WORK TASK ▸ Give back an exact copy of the lines in the records below, from the line that has "(intro Suc.prems(1)) auto" through the line that has "(Ys (Suc m))", and nothing besides.
[[ PROVIDED ENTRIES open ]]
(* Consider a scenario tree with node sets $\mathcal{N}(0)=\{0\},\mathcal{N}(1),\ldots,\mathcal{N}(t+1)$ and let $(\rho_{|0},\ldots,\rho_{|t})$ be a sequence of conditional risk mappings on this tree, each built from coherent risk measures, with $\rho_{|j}:\mathbb{R}^{|\mathcal{N}(j+1)|}\to\mathbb{R}^{|\mathcal{N}(j)|}$. Let $\bar\rho_t:\mathbb{R}^{|\mathcal{N}(t+1)|}\to\mathbb{R}$ be the nested risk measure $\bar\rho_t[Y]=\rho_{|0}[\rho_{|1}[\cdots\rho_{|t}[Y]\cdots]]$. Then $$\operatorname{epi}\bar\rho_t=\Big\{(Y_{t+1},Y_0)\in\mathbb{R}^{|\mathcal{N}(t+1)|+1}\ \Big|\ \exists\,(Y_j)_{j=1}^{t},\ Y_j\in\mathbb{R}^{|\mathcal{N}(j)|},\ (Y_{j+1},Y_j)\in\operatorname{epi}\rho_{|j}\ \text{for all } j\in\{0,1,\ldots,t\}\Big\}.$$
   Context: A scenario tree: nodes are partitioned into stages, $\mathcal{N}(j)$ being the nodes at stage $j$, with the single root $0$ at stage $0$ visited with probability $\pi^0=1$; each node $i$ is visited with probability $\pi^i>0$, each non-root node has a unique ancestor, and each node $i\in\mathcal{N}(j)$ has a set of children $\mathrm{ch}(i)\subseteq\mathcal{N}(j+1)$, the sets $\mathrm{ch}(i)$, $i\in\mathcal{N}(j)$, partitioning $\mathcal{N}(j+1)$; $\mathrm{ch}(i)$ is a probability space with probability vector $\pi^{[i]}=\frac{1}{\pi^i}(\pi^{i_+})_{i_+\in\mathrm{ch}(i)}$. A coherent risk measure $\rho:\mathbb{R}^k\to\mathbb{R}$ (on a finite probability space) satisfies, for all $Z,Z'$, $c\in\mathbb{R}$, $\lambda\in[0,1]$, $\alpha\ge0$: convexity $\rho[\lambda Z+(1-\lambda)Z']\le\lambda\rho[Z]+(1-\lambda)\rho[Z']$; monotonicity $\rho[Z]\le\rho[Z']$ if $Z\le Z'$ componentwise; translation equivariance $\rho[Z+c\mathbf{1}]=\rho[Z]+c$; positive homogeneity $\rho[\alpha Z]=\alpha\rho[Z]$. Given coherent risk measures $\rho^i:\mathbb{R}^{|\mathrm{ch}(i)|}\to\mathbb{R}$ on $\mathrm{ch}(i)$ for each $i\in\mathcal{N}(j)$, the conditional risk mapping at stage $j$ is $\rho_{|j}[Z]=(\rho^i[Z^{[i]}])_{i\in\mathcal{N}(j)}$ for $Z=(Z^{i_+})_{i_+\in\mathcal{N}(j+1)}$, where $Z^{[i]}=(Z^{i_+})_{i_+\in\mathrm{ch}(i)}$. Its epigraph is $\operatorname{epi}\rho_{|j}=\{(Y_{j+1},Y_j)\in\mathbb{R}^{|\mathcal{N}(j+1)|+|\mathcal{N}(j)|}\mid \rho_{|j}[Y_{j+1}]\le Y_j\text{ componentwise}\}$. For a real-valued $\rho$, $\operatorname{epi}\rho=\{(Y,\gamma)\mid\rho[Y]\le\gamma\}$. *)

theory Defs
  imports Complex_Main
begin

text \<open>Nodes have an abstract type 'n.  A vector in R^{A} (A a finite set of nodes)
  is represented by a function 'n => real, only its values on A being relevant.\<close>

definition scenario_tree ::
  "nat \<Rightarrow> (nat \<Rightarrow> 'n set) \<Rightarrow> 'n \<Rightarrow> ('n \<Rightarrow> 'n set) \<Rightarrow> ('n \<Rightarrow> real) \<Rightarrow> bool" where
  "scenario_tree t N r ch \<pi> \<longleftrightarrow>
     N 0 = {r} \<and> \<pi> r = 1 \<and>
     (\<forall>j \<le> Suc t. finite (N j)) \<and>
     (\<forall>j \<le> Suc t. \<forall>k \<le> Suc t. j \<noteq> k \<longrightarrow> N j \<inter> N k = {}) \<and>
     (\<forall>j \<le> Suc t. \<forall>i \<in> N j. \<pi> i > 0) \<and>
     (\<forall>j \<le> t. \<forall>i \<in> N j. ch i \<subseteq> N (Suc j)) \<and>
     (\<forall>j \<le> t. N (Suc j) = (\<Union>i \<in> N j. ch i)) \<and>
     (\<forall>j \<le> t. \<forall>i \<in> N j. \<forall>i' \<in> N j. i \<noteq> i' \<longrightarrow> ch i \<inter> ch i' = {}) \<and>
     (\<forall>j \<le> t. \<forall>i \<in> N j. (\<Sum>k \<in> ch i. \<pi> k) = \<pi> i)"

text \<open>Coherent risk measure on the (finite) probability space A: a map
  R^A -> R, represented as a function on 'n => real that only depends on the values on A
  (this is implied by monotonicity w.r.t. the componentwise order on A).\<close>
definition coherent_on :: "'n set \<Rightarrow> (('n \<Rightarrow> real) \<Rightarrow> real) \<Rightarrow> bool" where
  "coherent_on A \<rho> \<longleftrightarrow>
     (\<forall>Z Z' (l::real). 0 \<le> l \<and> l \<le> 1 \<longrightarrow>
        \<rho> (\<lambda>x. l * Z x + (1 - l) * Z' x) \<le> l * \<rho> Z + (1 - l) * \<rho> Z') \<and>
     (\<forall>Z Z'. (\<forall>x \<in> A. Z x \<le> Z' x) \<longrightarrow> \<rho> Z \<le> \<rho> Z') \<and>
     (\<forall>Z (c::real). \<rho> (\<lambda>x. Z x + c) = \<rho> Z + c) \<and>
     (\<forall>Z (\<alpha>::real). 0 \<le> \<alpha> \<longrightarrow> \<rho> (\<lambda>x. \<alpha> * Z x) = \<alpha> * \<rho> Z)"

definition cond_risk :: "('n \<Rightarrow> ('n \<Rightarrow> real) \<Rightarrow> real) \<Rightarrow> (nat \<Rightarrow> 'n set) \<Rightarrow> nat
    \<Rightarrow> ('n \<Rightarrow> real) \<Rightarrow> ('n \<Rightarrow> real)" where
  "cond_risk \<rho> N j Z = (\<lambda>i. if i \<in> N j then \<rho> i Z else 0)"

definition epi_cond :: "('n \<Rightarrow> ('n \<Rightarrow> real) \<Rightarrow> real) \<Rightarrow> (nat \<Rightarrow> 'n set) \<Rightarrow> nat
    \<Rightarrow> (('n \<Rightarrow> real) \<times> ('n \<Rightarrow> real)) set" where
  "epi_cond \<rho> N j = {(Ynext, Ycur). \<forall>i \<in> N j. cond_risk \<rho> N j Ynext i \<le> Ycur i}"

fun nest :: "('n \<Rightarrow> ('n \<Rightarrow> real) \<Rightarrow> real) \<Rightarrow> (nat \<Rightarrow> 'n set) \<Rightarrow> nat \<Rightarrow> nat
    \<Rightarrow> ('n \<Rightarrow> real) \<Rightarrow> ('n \<Rightarrow> real)" where
  "nest \<rho> N j 0 Y = Y"
| "nest \<rho> N j (Suc k) Y = cond_risk \<rho> N j (nest \<rho> N (Suc j) k Y)"

definition nested_risk :: "('n \<Rightarrow> ('n \<Rightarrow> real) \<Rightarrow> real) \<Rightarrow> (nat \<Rightarrow> 'n set) \<Rightarrow> 'n \<Rightarrow> nat
    \<Rightarrow> ('n \<Rightarrow> real) \<Rightarrow> real" where
  "nested_risk \<rho> N r t Y = nest \<rho> N 0 (Suc t) Y r"

definition epi :: "(('n \<Rightarrow> real) \<Rightarrow> real) \<Rightarrow> (('n \<Rightarrow> real) \<times> real) set" where
  "epi f = {(Y, \<gamma>). f Y \<le> \<gamma>}"

end

theory Submission
  imports Defs
begin

text \<open>Only monotonicity of the coherent measures enters.  The nested values
  Y_j = rho_{|j}[... rho_{|t}[Y] ...] form a chain in the epigraphs of the rho_{|j}, which
  gives one inclusion.  Conversely, along any chain (Y_{j+1}, Y_j) in epi rho_{|j},
  monotonicity of the conditional risk mappings propagates Y_j to an upper bound of
  the nested value at stage j, from the leaves down to the root.\<close>

lemma coherent_on_mono:
  assumes "coherent_on A \<rho>" "A \<subseteq> B" "\<forall>x \<in> B. Z x \<le> Z' x"
  shows "\<rho> Z \<le> \<rho> Z'"
  using assms unfolding coherent_on_def by blast

lemma cond_risk_mono:
  assumes mono: "\<And>i Z Z'. i \<in> N j \<Longrightarrow> \<forall>x \<in> N (Suc j). Z x \<le> Z' x \<Longrightarrow> \<rho> i Z \<le> \<rho> i Z'"
    and le: "\<forall>x \<in> N (Suc j). Z x \<le> Z' x" and i: "i \<in> N j"
  shows "cond_risk \<rho> N j Z i \<le> cond_risk \<rho> N j Z' i"
  using mono[OF i le] i by (simp add: cond_risk_def)

lemma nest_le_of_epi_cond_chain:
  assumes mono: "\<And>j i Z Z'. m \<le> j \<Longrightarrow> j < m + k \<Longrightarrow> i \<in> N j \<Longrightarrow>
      \<forall>x \<in> N (Suc j). Z x \<le> Z' x \<Longrightarrow> \<rho> i Z \<le> \<rho> i Z'"
    and chain: "\<And>j. m \<le> j \<Longrightarrow> j < m + k \<Longrightarrow> (Ys (Suc j), Ys j) \<in> epi_cond \<rho> N j"
  shows "\<forall>i \<in> N m. nest \<rho> N m k (Ys (m + k)) i \<le> Ys m i"
  using assms
proof (induction k arbitrary: m)
  case 0
  then show ?case by simp
next
  case (Suc k)
  have IH: "\<forall>x \<in> N (Suc m). nest \<rho> N (Suc m) k (Ys (Suc m + k)) x \<le> Ys (Suc m) x"
  proof (rule Suc.IH)
    fix j i and Z Z' :: "'a \<Rightarrow> real"
    assume "Suc m \<le> j" "j < Suc m + k" "i \<in> N j" "\<forall>x \<in> N (Suc j). Z x \<le> Z' x"
    then show "\<rho> i Z \<le> \<rho> i Z'" by (intro Suc.prems(1)) auto
  next
    fix j assume "Suc m \<le> j" "j < Suc m + k"
    then show "(Ys (Suc j), Ys j) \<in> epi_cond \<rho> N j" by (intro Suc.prems(2)) auto
  qed
  show ?case
  proof
    fix i assume i: "i \<in> N m"
    have "nest \<rho> N m (Suc k) (Ys (Suc m + k)) i
        = cond_risk \<rho> N m (nest \<rho> N (Suc m) k (Ys (Suc m + k))) i" by simp
    also have "\<dots> \<le> cond_risk \<rho> N m (Ys (Suc m)) i"
      using Suc.prems(1)[of m] IH i by (intro cond_risk_mono) auto
    also have "\<dots> \<le> Ys m i"
      using Suc.prems(2)[of m] i by (simp add: epi_cond_def)
    finally show "nest \<rho> N m (Suc k) (Ys (m + Suc k)) i \<le> Ys m i" by simp
  qed
qed

lemma scenario_tree_coherent_mono:
  assumes tree: "scenario_tree t N r ch \<pi>"
    and coh: "\<And>j i. j \<le> t \<Longrightarrow> i \<in> N j \<Longrightarrow> coherent_on (ch i) (\<rho> i)"
    and "j \<le> t" "i \<in> N j" "\<forall>x \<in> N (Suc j). Z x \<le> Z' x"
  shows "\<rho> i Z \<le> \<rho> i Z'"
proof (rule coherent_on_mono[OF coh])
  show "ch i \<subseteq> N (Suc j)"
    using tree assms(3,4) unfolding scenario_tree_def by blast
qed (use assms in auto)

theorem proposition1:
  fixes t :: nat and N :: "nat \<Rightarrow> 'n set" and r :: 'n and ch :: "'n \<Rightarrow> 'n set"
    and \<pi> :: "'n \<Rightarrow> real" and \<rho> :: "'n \<Rightarrow> ('n \<Rightarrow> real) \<Rightarrow> real"
  assumes tree: "scenario_tree t N r ch \<pi>"
    and coh: "\<And>j i. j \<le> t \<Longrightarrow> i \<in> N j \<Longrightarrow> coherent_on (ch i) (\<rho> i)"
  shows "epi (nested_risk \<rho> N r t) =
    {(Y, \<gamma>). \<exists>Ys :: nat \<Rightarrow> 'n \<Rightarrow> real.
        Ys (Suc t) = Y \<and> Ys 0 r = \<gamma> \<and>
        (\<forall>j \<le> t. (Ys (Suc j), Ys j) \<in> epi_cond \<rho> N j)}"
proof -
  have root: "N 0 = {r}" using tree by (simp add: scenario_tree_def)
  have "nest \<rho> N 0 (Suc t) Y r \<le> \<gamma> \<longleftrightarrow> (\<exists>Ys :: nat \<Rightarrow> 'n \<Rightarrow> real.
      Ys (Suc t) = Y \<and> Ys 0 r = \<gamma> \<and> (\<forall>j \<le> t. (Ys (Suc j), Ys j) \<in> epi_cond \<rho> N j))" for Y \<gamma>
  proof
    assume le: "nest \<rho> N 0 (Suc t) Y r \<le> \<gamma>"
    define Ys where "Ys j = (if j = 0 then (\<lambda>_. \<gamma>) else nest \<rho> N j (Suc t - j) Y)" for j
    have "(Ys (Suc j), Ys j) \<in> epi_cond \<rho> N j" if "j \<le> t" for j
    proof (cases "j = 0")
      case False
      with that have "Suc t - j = Suc (t - j)" by simp
      with False show ?thesis by (simp add: Ys_def epi_cond_def)
    qed (use le root in \<open>simp add: Ys_def epi_cond_def\<close>)
    then show "\<exists>Ys. Ys (Suc t) = Y \<and> Ys 0 r = \<gamma> \<and> (\<forall>j \<le> t. (Ys (Suc j), Ys j) \<in> epi_cond \<rho> N j)"
      by (intro exI[of _ Ys]) (simp add: Ys_def)
  next
    assume "\<exists>Ys. Ys (Suc t) = Y \<and> Ys 0 r = \<gamma> \<and> (\<forall>j \<le> t. (Ys (Suc j), Ys j) \<in> epi_cond \<rho> N j)"
    then obtain Ys where Y: "Ys (Suc t) = Y" and \<gamma>: "Ys 0 r = \<gamma>"
      and chain: "\<forall>j \<le> t. (Ys (Suc j), Ys j) \<in> epi_cond \<rho> N j" by blast
    have "\<forall>i \<in> N 0. nest \<rho> N 0 (Suc t) (Ys (0 + Suc t)) i \<le> Ys 0 i"
      using chain by (intro nest_le_of_epi_cond_chain scenario_tree_coherent_mono[OF tree coh]) auto
    then show "nest \<rho> N 0 (Suc t) Y r \<le> \<gamma>" using root Y \<gamma> by simp
  qed
  then show ?thesis by (simp add: epi_def nested_risk_def)
qed

end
[[ PROVIDED ENTRIES closed ]]
EXPECTED ANSWER ▸
    then show "\<rho> i Z \<le> \<rho> i Z'" by (intro Suc.prems(1)) auto
  next
    fix j assume "Suc m \<le> j" "j < Suc m + k"
    then show "(Ys (Suc j), Ys j) \<in> epi_cond \<rho> N j" by (intro Suc.prems(2)) auto
  qed
  show ?case
  proof
    fix i assume i: "i \<in> N m"
    have "nest \<rho> N m (Suc k) (Ys (Suc m + k)) i
        = cond_risk \<rho> N m (nest \<rho> N (Suc m) k (Ys (Suc m + k))) i" by simp
    also have "\<dots> \<le> cond_risk \<rho> N m (Ys (Suc m)) i"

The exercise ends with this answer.